American/British Language Differences: Automotive Edition

It has always struck me as bizarre that, when it comes to cars, there’s an especially-wide swathe of vocabulary differences between British English and American English. After almost thirteen years here in the USA, I feel like I have mastered most of these except for those that are spelled the same but pronounced differently over here, like the brand Jaguar. To me, it will always be Jag-you-are. Never Jag-war.

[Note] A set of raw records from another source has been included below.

(* Consider the finite configuration of height $3$ and type $(1,2,2,1)$ given by $$p_{0,1}=0,\ p_{1,1}=-\tfrac{\sqrt2}{2}+\mathrm{i},\ p_{1,2}=\tfrac{\sqrt2}{2}+\mathrm{i},\ p_{2,1}=-\tfrac{\sqrt2}{2}+2\mathrm{i},\ p_{2,2}=\tfrac{\sqrt2}{2}+2\mathrm{i},\ p_{3,1}=3\mathrm{i}.$$ This configuration is balanced, non-degenerate and has residual force $\frac{2}{3\mathrm{i}}$.
   Context: For a finite configuration $(p_{k,i})_{0\le k\le h,1\le i\le n_k}$ of type $(n_0,\ldots,n_h)$ with $n_0=n_h=1$: set $c_k=1/n_k$, $n_{-1}=n_{h+1}=0$, $u_{k,i}=p_{k,i}-p_{k,1}$, $\ell_k=p_{k,1}-p_{k-1,1}$; forces $F_{k,i}=2\sum_{j\neq i}\frac{c_k^2}{p_{k,i}-p_{k,j}}-\sum_{j=1}^{n_{k+1}}\frac{c_kc_{k+1}}{p_{k,i}-p_{k+1,j}}-\sum_{j=1}^{n_{k-1}}\frac{c_kc_{k-1}}{p_{k,i}-p_{k-1,j}}$ and $G_k=\sum_{i=1}^{n_k}\sum_{j=1}^{n_{k-1}}\frac{c_kc_{k-1}}{p_{k,i}-p_{k-1,j}}$ ($1\le k\le h$). Balanced means $F_{k,i}=0$ for $1\le k\le h-1$; the residual force is $F_{0,1}$; non-degenerate means the differential of the map $(\ell_1,u_{1,2},\ldots,u_{1,n_1},\ell_2,u_{2,2},\ldots,u_{2,n_2},\ell_3,\ldots,\ell_h)\mapsto(G_1,F_{1,2},\ldots,F_{1,n_1},G_2,F_{2,2},\ldots,F_{2,n_2},G_3,\ldots,G_h)$ is an isomorphism. *)

theory Defs
  imports Complex_Main
begin

text \<open>A finite configuration of height h and type (n 0, ..., n h) is given by
  h :: nat, n :: nat \<Rightarrow> nat and points p k i :: complex for 0 \<le> k \<le> h, 1 \<le> i \<le> n k
  (values of p and n outside this range are irrelevant).  Conventions n(-1) = n(h+1) = 0
  are implemented by guarding the corresponding sums.\<close>

definition cfg_c :: "(nat \<Rightarrow> nat) \<Rightarrow> nat \<Rightarrow> complex" where
  "cfg_c n k = 1 / of_nat (n k)"

definition cfg_F :: "nat \<Rightarrow> (nat \<Rightarrow> nat) \<Rightarrow> (nat \<Rightarrow> nat \<Rightarrow> complex) \<Rightarrow> nat \<Rightarrow> nat \<Rightarrow> complex" where
  "cfg_F h n p k i =
     2 * (\<Sum>j\<in>{1..n k} - {i}. (cfg_c n k)^2 / (p k i - p k j))
     - (if k + 1 \<le> h then (\<Sum>j\<in>{1..n (k+1)}. cfg_c n k * cfg_c n (k+1) / (p k i - p (k+1) j)) else 0)
     - (if 1 \<le> k then (\<Sum>j\<in>{1..n (k-1)}. cfg_c n k * cfg_c n (k-1) / (p k i - p (k-1) j)) else 0)"

definition cfg_G :: "(nat \<Rightarrow> nat) \<Rightarrow> (nat \<Rightarrow> nat \<Rightarrow> complex) \<Rightarrow> nat \<Rightarrow> complex" where
  "cfg_G n p k =
     (\<Sum>i\<in>{1..n k}. \<Sum>j\<in>{1..n (k-1)}. cfg_c n k * cfg_c n (k-1) / (p k i - p (k-1) j))"

definition balanced :: "nat \<Rightarrow> (nat \<Rightarrow> nat) \<Rightarrow> (nat \<Rightarrow> nat \<Rightarrow> complex) \<Rightarrow> bool" where
  "balanced h n p \<longleftrightarrow> (\<forall>k\<in>{1..h-1}. \<forall>i\<in>{1..n k}. cfg_F h n p k i = 0)"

For those of you intrigued to learn more transatlantic automotive vernacular, here’s a quick checklist:

  • Bonnet: not decorative headwear but rather the British word for ‘hood.’
  • Boot: not footwear, but how we Brits say ‘trunk.’
  • Windscreen: yes, we call it a windscreen not a windshield.
  • Number plate: that’s English for license plate.
  • Manual: you call it ‘stick.’ You’ll find a whole lot more of these in the UK and Europe. In fact, most of us learn to drive manual. This makes us better multi-taskers, IMHO.
  • Hatchback: a three-door car. Again, many more of these across the pond. After all, British streets and parking spots are narrower, so it makes sense.
  • Saloon: not as glamorous as in the wild west, this is what we call a regular four-door car.
  • Estate: Personally I think station wagon cars are all ugly. Also it’s such a silly word.
  • Lorry = Truck
  • Caravan = RV
  • People Mover = Minivan
  • 4×4 = SUV

Things you may have in your car:

  • Anorak: in case it rains. Y’all call it a windbreaker.
  • Wellies: ditto, in case it’s rainy or muddy out. You’d call them rubber boots.
  • Torch: A.K.A a flashlight.

I’ve also discovered some words here in America for which I don’t think there’s a direct British equivalent:

  • Way back: fortunately it means what it says, as in “tell the kids in the way back of the car to stop throwing legos at each other.”
  • Tailgating: Grilling in car parks before sports events is not something Brits really know how to do. Or why.

On the flip side, we Brits do like a good car boot sale. No, this doesn’t mean selling our trunks. It’s like a big old market where everyone parks their car and sets up a booth to sell off second-hand stuff. Like lots of yard sales in a parking lot or a big field.